-- DATA PROVIDED follows --
(* Let $m,p\in(0,\infty)$, let $(u,v)$ be an admissible pair of weights with respect to $(m,p)$, let $\varphi$ be the fundamental function of $CL^{m,p}(u,v)$ and let $\{t_k\}_{k\in\mathbb{K}}$ be a discretizing sequence of $CL^{m,p}(u,v)$. Then for every $k\in\mathbb{K}$ and every $t\in\Delta_{k-1}$, \[ \int_0^{t_k} v(s)\,ds\le \frac{2^{\frac pm+1}}{2^{\frac pm+1}-1}\int_{\Delta_{k-1}} v(s)\,ds \] and \[ \varphi^p(t)\le \frac{2^{\frac{3p}{m}+3}}{2^{\frac pm+1}-1}\int_{\Delta_{k-3}}v(s)\,ds\; U^{\frac pm}(\Delta_{k-2}) + 2^{\frac pm+2}\int_{\Delta_{k-2}} v(s)\,U^{\frac pm}(s,t_{k-1})\,ds + \frac{3\cdot 2^{\frac{2p}{m}+1}}{2^{\frac pm+1}-1}\int_{\Delta_{k-2}}v(s)\,ds\; U^{\frac pm}(t_{k-1},t). \]
   Context: A weight is a nonnegative measurable function on $(0,\infty)$. For a weight $u$ and $0\le s\le t\le\infty$, $U(s,t):=\int_s^t u(x)\,dx$. For $m,p\in(0,\infty)$ and weights $u,v$, the fundamental function of $CL^{m,p}(u,v)$ is $\varphi(t):=\left(\int_0^t v(s)U(s,t)^{p/m}ds\right)^{1/p}$, $t\in(0,\infty]$; $(u,v)$ is admissible with respect to $(m,p)$ if $0<\varphi(t)<\infty$ for all $t\in(0,\infty)$. A discretizing sequence of $CL^{m,p}(u,v)$ is a sequence $\{t_k\}_{k\in\mathbb{K}}$ together with $K\in\{0,\infty\}$, $\mathbb{K}=\{k\in\mathbb{Z}: k\le 0\}$ if $K=0$ and $\mathbb{K}=\mathbb{Z}$ if $K=\infty$, and disjoint sets $\mathbb{K}_1,\mathbb{K}_2$ with union $\mathbb{K}$, such that: $0<t_{k-1}\le t_k<\infty$ for $k\in\mathbb{K}\setminus\{K\}$; $t_0=\infty$ if $K=0$; $\int_0^{t_k}v\ge 2^{p/m+1}\int_0^{t_{k-1}}v$ and $\varphi^p(t_k)\ge 2^{p/m+1}\varphi^p(t_{k-1})$ for all $k\in\mathbb{K}$; equality holds in the first of these for $k\in\mathbb{K}_1$ and in the second for $k\in\mathbb{K}_2$ (such sequences exist). For indices $k$ with $k+1\in\mathbb{K}$, $\Delta_k:=[t_k,t_{k+1}]$ and $U(\Delta_k):=U(t_k,t_{k+1})$. *)

theory Defs
  imports "HOL-Analysis.Analysis"
begin

text \<open>Points of (0,\<infinity>] are represented as extended reals; all integrals of
  nonnegative functions are Lebesgue integrals with values in [0,\<infinity>] (ennreal).\<close>

definition weight :: "(real \<Rightarrow> real) \<Rightarrow> bool" where
  "weight w \<longleftrightarrow> set_borel_measurable borel {0<..} w \<and> (\<forall>x>0. 0 \<le> w x)"

definition epowr :: "ennreal \<Rightarrow> real \<Rightarrow> ennreal" where
  "epowr x a = (if x = top then top else ennreal (enn2real x powr a))"

definition wint :: "(real \<Rightarrow> real) \<Rightarrow> ereal \<Rightarrow> ereal \<Rightarrow> ennreal" where
  "wint w s t = (\<integral>\<^sup>+ x \<in> {x. 0 < x \<and> s \<le> ereal x \<and> ereal x \<le> t}. ennreal (w x) \<partial>lborel)"

definition fund_p :: "real \<Rightarrow> real \<Rightarrow> (real \<Rightarrow> real) \<Rightarrow> (real \<Rightarrow> real) \<Rightarrow> ereal \<Rightarrow> ennreal" where
  "fund_p m p u v t = (\<integral>\<^sup>+ s \<in> {s. 0 < s \<and> ereal s \<le> t}.
       ennreal (v s) * epowr (wint u (ereal s) t) (p / m) \<partial>lborel)"

definition fund :: "real \<Rightarrow> real \<Rightarrow> (real \<Rightarrow> real) \<Rightarrow> (real \<Rightarrow> real) \<Rightarrow> ereal \<Rightarrow> ennreal" where
  "fund m p u v t = epowr (fund_p m p u v t) (1 / p)"

definition admissible :: "real \<Rightarrow> real \<Rightarrow> (real \<Rightarrow> real) \<Rightarrow> (real \<Rightarrow> real) \<Rightarrow> bool" where
  "admissible m p u v \<longleftrightarrow> (\<forall>t::real. 0 < t \<longrightarrow> 0 < fund m p u v (ereal t) \<and> fund m p u v (ereal t) < top)"

text \<open>Discretizing sequence. \<open>finK\<close> = True means K = 0 (so \<open>\<KK> = {k \<le> 0}\<close>, t_0 = \<infinity>),
  \<open>finK\<close> = False means K = \<infinity> (so \<open>\<KK> = \<int>\<close>).\<close>
definition Kset :: "bool \<Rightarrow> int set" where
  "Kset finK = (if finK then {k. k \<le> 0} else UNIV)"

definition discretizing ::
  "real \<Rightarrow> real \<Rightarrow> (real \<Rightarrow> real) \<Rightarrow> (real \<Rightarrow> real) \<Rightarrow> (int \<Rightarrow> ereal) \<Rightarrow> bool \<Rightarrow> int set \<Rightarrow> int set \<Rightarrow> bool" where
  "discretizing m p u v t finK K1 K2 \<longleftrightarrow>
     K1 \<inter> K2 = {} \<and> K1 \<union> K2 = Kset finK \<and>
     (\<forall>k \<in> Kset finK - (if finK then {0} else {}). 0 < t (k - 1) \<and> t (k - 1) \<le> t k \<and> t k < \<infinity>) \<and>
     (finK \<longrightarrow> t 0 = \<infinity>) \<and>
     (\<forall>k \<in> Kset finK.
        wint v 0 (t k) \<ge> ennreal (2 powr (p / m + 1)) * wint v 0 (t (k - 1)) \<and>
        epowr (fund m p u v (t k)) p \<ge> ennreal (2 powr (p / m + 1)) * epowr (fund m p u v (t (k - 1))) p) \<and>
     (\<forall>k \<in> K1. wint v 0 (t k) = ennreal (2 powr (p / m + 1)) * wint v 0 (t (k - 1))) \<and>
     (\<forall>k \<in> K2. epowr (fund m p u v (t k)) p = ennreal (2 powr (p / m + 1)) * epowr (fund m p u v (t (k - 1))) p)"

end

theory Submission
  imports Defs
begin

text \<open>Write V(t) = \<integral>_0^t v and r = p/m. Splitting \<phi>^p(b) = \<integral>_0^b v(s) U(s,b)^r ds at a \<le> b
  and using (x + y)^r \<le> 2^r (x^r + y^r) gives
  \<phi>^p(b) \<le> 2^r \<phi>^p(a) + 2^r U(a,b)^r V(a) + \<integral>_a^b v(s) U(s,b)^r ds.
  Whenever X(t_k) \<le> X(t_{k-1}) + Y and the doubling inequality c X(t_{k-1}) \<le> X(t_k) holds
  with c = 2^(r+1) > 1, the term X(t_{k-1}) can be absorbed provided it is finite, leaving
  X(t_k) \<le> c/(c-1) Y. For X = V this is the first estimate; V(t_{k-1}) is finite because
  V(a) = \<infinity> together with U(a,b) > 0 would force \<phi>^p(b) = \<infinity>, against admissibility.
  For X = \<phi>^p it bounds \<phi>^p(t_{k-1}) by twice the last two terms of the splitting at t_{k-2}.
  Finally, for \<tau> \<in> \<Delta>_{k-1} either \<phi>^p(\<tau>) \<le> \<phi>^p(t_k) = c \<phi>^p(t_{k-1}) (k \<in> K_2), or the
  splitting at t_{k-1} applies and V(\<tau>) \<le> V(t_k) = c V(t_{k-1}) (k \<in> K_1).\<close>

definition pos_Icc :: "ereal \<Rightarrow> ereal \<Rightarrow> real set" where
  "pos_Icc a b = {x. 0 < x \<and> a \<le> ereal x \<and> ereal x \<le> b}"

lemma pos_Icc_sets [measurable]: "pos_Icc a b \<in> sets borel"
  unfolding pos_Icc_def by measurable

subsection \<open>Weights and their integrals\<close>

lemma weight_restrict_measurable:
  assumes "weight w"
  shows "(\<lambda>x. ennreal (indicator {0<..} x * w x)) \<in> borel_measurable borel"
proof -
  have "(\<lambda>x. indicator {0<..} x * w x) \<in> borel_measurable borel"
    using assms unfolding weight_def set_borel_measurable_def by simp
  then show ?thesis by measurable
qed
(* Under the assumptions below, let $y_{\varrho h}\in Y_h$ be the unique Galerkin solution with $\varrho=h^{2\alpha}$. Then there is a constant $c>0$ independent of $h$ and $\overline{y}$ such that $$\|y_{\varrho h}-\overline{y}\|_{H_Y}\le c\begin{cases}\|\overline{y}\|_{H_Y}&\text{for }\overline{y}\in H_Y,\\ h^\alpha\|\overline{y}\|_D&\text{for }\overline{y}\in Y,\\ h^{2\alpha}\|D\overline{y}\|_{H_Y}&\text{for }\overline{y}\in Y,\ D\overline{y}\in H_Y.\end{cases}$$ Moreover, if $\overline{y}\in[H_Y,Y]_s$ for some $s\in[0,1]$, then $\|y_{\varrho h}-\overline{y}\|_{H_Y}\le c\,h^{\alpha s}\|\overline{y}\|_{[H_Y,Y]_s}$.
   Context: Abstract setting: Let $Y\subset H_Y\subset Y^*$ be a Gelfand triple of real Hilbert spaces, with duality pairing $\langle\cdot,\cdot\rangle_{Y^*,Y}$ extending the inner product of $H_Y$. Let $D:Y\to Y^*$ be bounded, linear, self-adjoint and elliptic, $\|y\|_D:=\langle Dy,y\rangle_{Y^*,Y}^{1/2}$ (an equivalent norm on $Y$). For $y\in Y$ we write "$Dy\in H_Y$" if there is $w\in H_Y$ with $\langle Dy,v\rangle_{Y^*,Y}=\langle w,v\rangle_{H_Y}$ for all $v\in Y$, and then $\|Dy\|_{H_Y}:=\|w\|_{H_Y}$. Discretization: For each discretization parameter $h\in(0,h_0]$ let $Y_h\subset Y$ be a finite-dimensional subspace, and assume there are maps $P_h:Y\to Y_h$, an exponent $\alpha>0$ and constants $c_1,c_2,c_3,c_4>0$ independent of $h$ such that for all $y\in Y$: $\|y-P_hy\|_{H_Y}\le c_1h^\alpha\|y\|_D$ and $\|y-P_hy\|_D\le c_2\|y\|_D$; and, if in addition $Dy\in H_Y$: $\|y-P_hy\|_{H_Y}\le c_3h^{2\alpha}\|Dy\|_{H_Y}$ and $\|y-P_hy\|_D\le c_4h^\alpha\|Dy\|_{H_Y}$. Given $\overline{y}\in H_Y$ and $\varrho>0$, the Galerkin solution $y_{\varrho h}\in Y_h$ satisfies $\langle y_{\varrho h},y_h\rangle_{H_Y}+\varrho\langle Dy_{\varrho h},y_h\rangle_{Y^*,Y}=\langle\overline{y},y_h\rangle_{H_Y}$ for all $y_h\in Y_h$. $[H_Y,Y]_s$, $s\in[0,1]$, denotes the interpolation space between $H_Y$ and $Y$ (with $Y$ normed by $\|\cdot\|_D$) obtained by an exact interpolation method of exponent $s$ (e.g. the real $K$-method), with $[H_Y,Y]_0=H_Y$ and $[H_Y,Y]_1=Y$. *)

theory Defs
  imports "HOL-Analysis.Analysis"
begin
lemma Du_eq_integral_Du_Dt:
  assumes s: "s \<in> time_dom tb"
  shows "Du F (s, u) = Du F (0, u) + integral {0..s} (\<lambda>r. Du (Dt (time_dom tb) F) (r, u))"
proof -
  define m where "m = Du (Dt (time_dom tb) F)"
  have "0 \<in> time_dom tb" using s by (auto simp: time_dom_def intro: le_less_trans[of _ "ereal s"])
  have sub: "{0..s} \<subseteq> time_dom tb" using atLeastAtMost_subset_time_dom s by blast
  have s0: "0 \<le> s" using s by (simp add: time_dom_def)
  have ftc: "((\<lambda>r. Dt (time_dom tb) F (r, v)) has_integral (F (s, v) - F (0, v))) {0..s}" for v
    by (rule fundamental_theorem_of_calculus[OF s0])
       (use dt sub in \<open>meson has_vector_derivative_within_subset subsetD\<close>)
  have cm: "continuous_on (UNIV \<times> cbox 0 s) (\<lambda>(x, r). m (r, x))"
  proof -
    have "continuous_on (UNIV \<times> cbox 0 s) (m \<circ> (\<lambda>(x, r). (r, x)))"
    proof (rule continuous_on_compose)
      show "continuous_on (UNIV \<times> cbox 0 s) (\<lambda>(x, r). (r, x))"
        by (auto intro!: continuous_intros simp: split_beta)
      show "continuous_on ((\<lambda>(x, r). (r, x)) ` (UNIV \<times> cbox 0 s)) m"
        by (rule continuous_on_subset[OF cont[folded m_def]]) (use sub in auto)
    qed
    then show ?thesis by (simp add: o_def split_beta)
  qed
  have leibniz: "((\<lambda>x. integral (cbox 0 s) (\<lambda>r. Dt (time_dom tb) F (r, x))) has_vector_derivative
      integral (cbox 0 s) (\<lambda>r. m (r, x0))) (at x0 within UNIV)" for x0
    apply (rule leibniz_rule_vector_derivative[where fx = "\<lambda>x r. m (r, x)"])
    using dudt sub ftc cm unfolding m_def by (auto intro: has_integral_integrable[OF ftc])
  have eq: "(\<lambda>v. F (s, v)) = (\<lambda>v. F (0, v) + integral {0..s} (\<lambda>r. Dt (time_dom tb) F (r, v)))"
    using integral_unique[OF ftc] by (simp add: fun_eq_iff)
  have "((\<lambda>v. F (s, v)) has_vector_derivative Du F (0, u) + integral {0..s} (\<lambda>r. m (r, u))) (at u)"
    unfolding eq using du[OF \<open>0 \<in> time_dom tb\<close>] leibniz[of u] by (auto intro!: derivative_intros)
  with du[OF s, of u] show ?thesis
    unfolding m_def using vector_derivative_unique_at by blast
qed
(* Let $q(x\mid\theta)=\sum_{k=1}^K\omega_k(\theta)\,\mathcal{N}\big(x;\vartheta_k(\theta),\Omega_k(\theta)\big)$ be a Gaussian mixture density network on $\mathbb{R}^{d_\mathcal{X}}$, $\theta\in\Theta\subseteq\mathbb{R}^{d_\Theta}$, with mixture weights $\omega_k(\theta)\ge0$ summing to $1$, such that: (i) $\omega_k,\vartheta_k,\Omega_k$ are continuous in $\theta$; (ii) there exist $r>0$, $C\ge0$ with $\max_k\|\vartheta_k(\theta)\|\le C(1+\|\theta\|^r)$ for all $\theta$; (iii) there exist $0<\lambda_{\min}\le\lambda_{\max}<\infty$ such that every $\Omega_k(\theta)$ is symmetric with all eigenvalues in $[\lambda_{\min},\lambda_{\max}]$, for all $k$ and $\theta$. Then for every $0<\zeta\le2$ there exist constants $0<K_1,K_2<\infty$ and $k_1,k_2\ge0$ such that for all $x\in\mathbb{R}^{d_\mathcal{X}}$ and $\theta\in\Theta$, $$\|\nabla_x\log q(x\mid\theta)\|_2\le K_1(1+\|\theta\|^{k_1})(1+\|x\|_2^{2/\zeta}),\qquad \big|\mathrm{Tr}\,\nabla_x^2\log q(x\mid\theta)\big|\le K_2(1+\|\theta\|^{k_2})(1+\|x\|_2^{4/\zeta}).$$ *)

theory Defs
  imports "HOL-Analysis.Analysis"
begin

definition is_eigenvalue :: "real^'n^'n \<Rightarrow> real \<Rightarrow> bool" where
  "is_eigenvalue A l \<longleftrightarrow> (\<exists>v. v \<noteq> 0 \<and> A *v v = l *s v)"

definition gaussian_pdf :: "real^'n \<Rightarrow> real^'n^'n \<Rightarrow> real^'n \<Rightarrow> real" where
  "gaussian_pdf mu S x =
     exp (- (1/2) * ((x - mu) \<bullet> (matrix_inv S *v (x - mu))))
     / sqrt ((2 * pi) ^ CARD('n) * det S)"

definition partial_deriv :: "(real^'n \<Rightarrow> real) \<Rightarrow> 'n \<Rightarrow> real^'n \<Rightarrow> real" where
  "partial_deriv f i x = deriv (\<lambda>t. f (x + t *\<^sub>R axis i 1)) 0"

definition grad :: "(real^'n \<Rightarrow> real) \<Rightarrow> real^'n \<Rightarrow> real^'n" where
  "grad f x = (\<chi> i. partial_deriv f i x)"
(* Let $(G,k,M^*,M)$ be a critical tuple and let $\mathcal{C}$ be a set of directed cycles of $G_M$, each with $w_M(C)\le0$, such that every $e\in E^+(C^+)$ is contained in some cycle of $\mathcal{C}$ and, for every $C\in\mathcal{C}$, $C\cap C^+$ is a single path. Then there exists a subset $\mathcal{C}'\subseteq\mathcal{C}$ such that every $e\in E^+(C^+)$ is contained in some cycle of $\mathcal{C}'$, for every $C\in\mathcal{C}'$ the set $C\cap C^+$ is a single path, and every $e\in E^-(C^+)$ is contained in at most two cycles of $\mathcal{C}'$.
   Context: $R(H)$ is the set of red edges of an edge set $H$. For a perfect matching $M$ of a red/blue edge-colored bipartite graph $G=(A\sqcup B,E)$, $G_M$ is the directed graph on $A\sqcup B$ with edges of $M$ oriented from $A$ to $B$ and other edges from $B$ to $A$, weighted by $w_M(e)=0$ for blue $e$, $-1$ for red $e\in M$, $+1$ for red $e\notin M$; $E^+(H)$ (resp. $E^-(H)$) is the set of red edges of $H$ not in $M$ (resp. in $M$), $w_M(H)=|E^+(H)|-|E^-(H)|$. Cycles are identified with edge sets. For an edge $e$, $M^e$ is a perfect matching containing $e$ with the minimum number of red edges among those containing $e$. A tuple $(G,k,M^*,M)$ is critical if: every edge of $G$ lies in some perfect matching; $|R(M^* )|=k$; $|R(M)|<\frac13k$; every directed cycle $C$ of $G_M$ with $w_M(C)>0$ has $|E^+(C)|>\frac23k$; and $|R(M^e)|<\frac13k$ for every red $e\in M^*\setminus M$. $C^+$ is the unique positive-weight directed cycle of $G_M$ contained in $M\Delta M^*$. *)

theory Defs
  imports Complex_Main
begin
lemma card_pair_failures:
  assumes ki: "k < l" "i < l" "k \<noteq> i" and AB: "A \<subseteq> X k" "B \<subseteq> X i"
    and c: "a \<le> card A" "a \<le> card B"
  shows "real (card (pair_failures k i A B))
    \<le> (1 - 1 / 2 ^ (r * r)) ^ (((a - R) div r) ^ 2) * 2 ^ card cross_pairs"
proof -
  let ?I = "blocks (Gs k) A \<times> blocks (Gs i) B"
  have fin: "finite A" "finite B"
    using finite_subset[OF AB(1) finite_part[OF ki(1)]] finite_subset[OF AB(2) finite_part[OF ki(2)]] .
  have "finite ?I" using blocks_spec(4)[OF fin(1)] blocks_spec(4)[OF fin(2)] by simp
  have slots: "\<forall>s\<in>?I. pair_slots k i s \<subseteq> cross_pairs \<and> pair_target k i s \<subseteq> pair_slots k i s \<and>
      card (pair_slots k i s) \<le> r * r"
  proof
    fix s assume "s \<in> ?I"
    then obtain C D where CD: "s = (C, D)" "C \<in> blocks (Gs k) A" "D \<in> blocks (Gs i) B" by blast
    have "cross C D \<subseteq> cross_pairs"
      using cross_subset_cross_pairs[OF ki] blocksD(1)[OF fin(1) CD(2)] blocksD(1)[OF fin(2) CD(3)] AB by blast
    then show "pair_slots k i s \<subseteq> cross_pairs \<and> pair_target k i s \<subseteq> pair_slots k i s \<and>
        card (pair_slots k i s) \<le> r * r"
      using pair_slots_spec(1-3)[OF ki AB CD(2,3)] CD(1) by blast
  qed
  have "real (card (pair_failures k i A B)) \<le> (1 - 1 / 2 ^ (r * r)) ^ card ?I * 2 ^ card cross_pairs"
    unfolding pair_failures_def
    by (rule card_pattern_avoiders[OF finite_cross_pairs \<open>finite ?I\<close> slots pair_slots_disjoint[OF ki AB]])
  also have "\<dots> \<le> (1 - 1 / 2 ^ (r * r)) ^ (((a - R) div r) ^ 2) * 2 ^ card cross_pairs"
  proof -
    have "(a - R) div r \<le> card (blocks (Gs k) A)" "(a - R) div r \<le> card (blocks (Gs i) B)"
      using c card_blocks[OF fin(1)] card_blocks[OF fin(2)] div_le_mono diff_le_mono le_trans by metis+
    then have "((a - R) div r) ^ 2 \<le> card ?I"
      by (simp add: power2_eq_square card_cartesian_product mult_le_mono)
    moreover have "(0::real) \<le> 1 - 1 / 2 ^ (r * r)" "(1::real) - 1 / 2 ^ (r * r) \<le> 1" by simp_all
    ultimately show ?thesis by (intro mult_right_mono power_decreasing) auto
  qed
  finally show ?thesis .
qed

lemma card_star_failures:
  assumes i: "i < l" and v: "v \<in> V - X i" and Q: "Q \<in> groups i"
  shows "real (card (star_failures i v Q)) \<le> (1 - 1 / 2 ^ (r * r)) ^ g * 2 ^ card cross_pairs"
proof -
  have blocksQ: "Q \<subseteq> blocks (Gs i) (X i)" using groups_spec(1)[OF i] Q by blast
  then have "finite Q" using blocks_spec(4)[OF finite_part[OF i]] finite_subset by blast
  obtain k where k: "k < l" "k \<noteq> i" "v \<in> X k" using part_of_vertex v by blast
  have "cross {v} D \<subseteq> cross_pairs" if "D \<in> Q" for D
    using cross_subset_cross_pairs[OF k(1) i k(2)] blocksD(1)[OF finite_part[OF i]] blocksQ that k(3) by blast
  then have slots: "\<forall>D\<in>Q. star_slots i v D \<subseteq> cross_pairs \<and> star_target i v D \<subseteq> star_slots i v D \<and>
      card (star_slots i v D) \<le> r * r"
    using star_slots_spec(1-3)[OF i v] blocksQ by blast
  have "real (card (star_failures i v Q)) \<le> (1 - 1 / 2 ^ (r * r)) ^ card Q * 2 ^ card cross_pairs"
    unfolding star_failures_def
    by (rule card_pattern_avoiders[OF finite_cross_pairs \<open>finite Q\<close> slots star_slots_disjoint[OF i v blocksQ]])
  then show ?thesis using groups_spec(3)[OF i] Q by simp
qed

definition pair_events :: "(nat \<times> nat \<times> nat set \<times> nat set) set" where
  "pair_events = {(k, i, A, B). k < l \<and> i < l \<and> k \<noteq> i \<and> A \<subseteq> X k \<and> B \<subseteq> X i \<and> a \<le> card A \<and> a \<le> card B}"

definition star_events :: "(nat \<times> nat \<times> nat set set) set" where
  "star_events = (SIGMA i:{..<l}. (V - X i) \<times> groups i)"

lemma two_parts_forbidden_unless_pair_failure:
  assumes E: "E \<subseteq> cross_pairs" and none: "E \<notin> (\<Union>(k, i, A, B)\<in>pair_events. pair_failures k i A B)"
  shows "two_parts_forbidden a E"
  unfolding two_parts_forbidden_def
proof (intro allI impI)
  fix k i A B Y
  assume ki: "k < l" "i < l" "k \<noteq> i" and AB: "A \<subseteq> X k" "B \<subseteq> X i" and c: "a \<le> card A" "a \<le> card B"
    and Y: "A \<union> B \<subseteq> Y"
  have "E \<notin> pair_failures k i A B" using none ki AB c unfolding pair_events_def by blast
  then obtain C D where CD: "C \<in> blocks (Gs k) A" "D \<in> blocks (Gs i) B"
    and match: "E \<inter> pair_slots k i (C, D) = pair_target k i (C, D)"
    using E unfolding pair_failures_def pattern_avoiders_def by blast
  have "finite A" "finite B"
    using finite_subset[OF AB(1) finite_part[OF ki(1)]] finite_subset[OF AB(2) finite_part[OF ki(2)]] .
  then have "C \<union> D \<subseteq> Y" using blocksD(1) CD Y by blast
  then show "induced (extension E) Y \<notin> T" using pair_slots_spec(4)[OF ki AB CD E match] by blast
qed
section \<open>Limit pseudo-orbits and their concatenation\<close>

definition limit_pseudo_orbit :: "'a::metric_space set \<Rightarrow> ('a \<Rightarrow> 'a) \<Rightarrow> real \<Rightarrow> (int \<Rightarrow> 'a) \<Rightarrow> bool"
  where "limit_pseudo_orbit X f \<delta> xs \<longleftrightarrow>
    (\<forall>k. xs k \<in> X) \<and> (\<forall>k. dist (f (xs k)) (xs (k + 1)) \<le> \<delta>) \<and>
    tends_to_zero_both (\<lambda>k. dist (f (xs k)) (xs (k + 1)))"

definition limit_shadows :: "('a::metric_space \<Rightarrow> 'a) \<Rightarrow> ('a \<Rightarrow> 'a) \<Rightarrow> real \<Rightarrow> 'a \<Rightarrow> (int \<Rightarrow> 'a) \<Rightarrow> bool"
  where "limit_shadows f g \<epsilon> z xs \<longleftrightarrow>
    (\<forall>k. dist (iter f g k z) (xs k) \<le> \<epsilon>) \<and> tends_to_zero_both (\<lambda>k. dist (iter f g k z) (xs k))"

definition L_shadowing_at :: "'a::metric_space set \<Rightarrow> ('a \<Rightarrow> 'a) \<Rightarrow> ('a \<Rightarrow> 'a) \<Rightarrow> real \<Rightarrow> real \<Rightarrow> bool"
  where "L_shadowing_at X f g \<epsilon> \<delta> \<longleftrightarrow>
    (\<forall>xs. limit_pseudo_orbit X f \<delta> xs \<longrightarrow> (\<exists>z\<in>X. limit_shadows f g \<epsilon> z xs))"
-- DATA PROVIDED concluded --
▸ ASSIGNMENT:
Filter the listing above down to the lines that contain the word "epowr".

▸ SOLUTION TO THE PROBLEM:
definition epowr :: "ennreal \<Rightarrow> real \<Rightarrow> ennreal" where
  "epowr x a = (if x = top then top else ennreal (enn2real x powr a))"
       ennreal (v s) * epowr (wint u (ereal s) t) (p / m) \<partial>lborel)"
  "fund m p u v t = epowr (fund_p m p u v t) (1 / p)"
        epowr (fund m p u v (t k)) p \<ge> ennreal (2 powr (p / m + 1)) * epowr (fund m p u v (t (k - 1))) p) \<and>
     (\<forall>k \<in> K2. epowr (fund m p u v (t k)) p = ennreal (2 powr (p / m + 1)) * epowr (fund m p u v (t (k - 1))) p)"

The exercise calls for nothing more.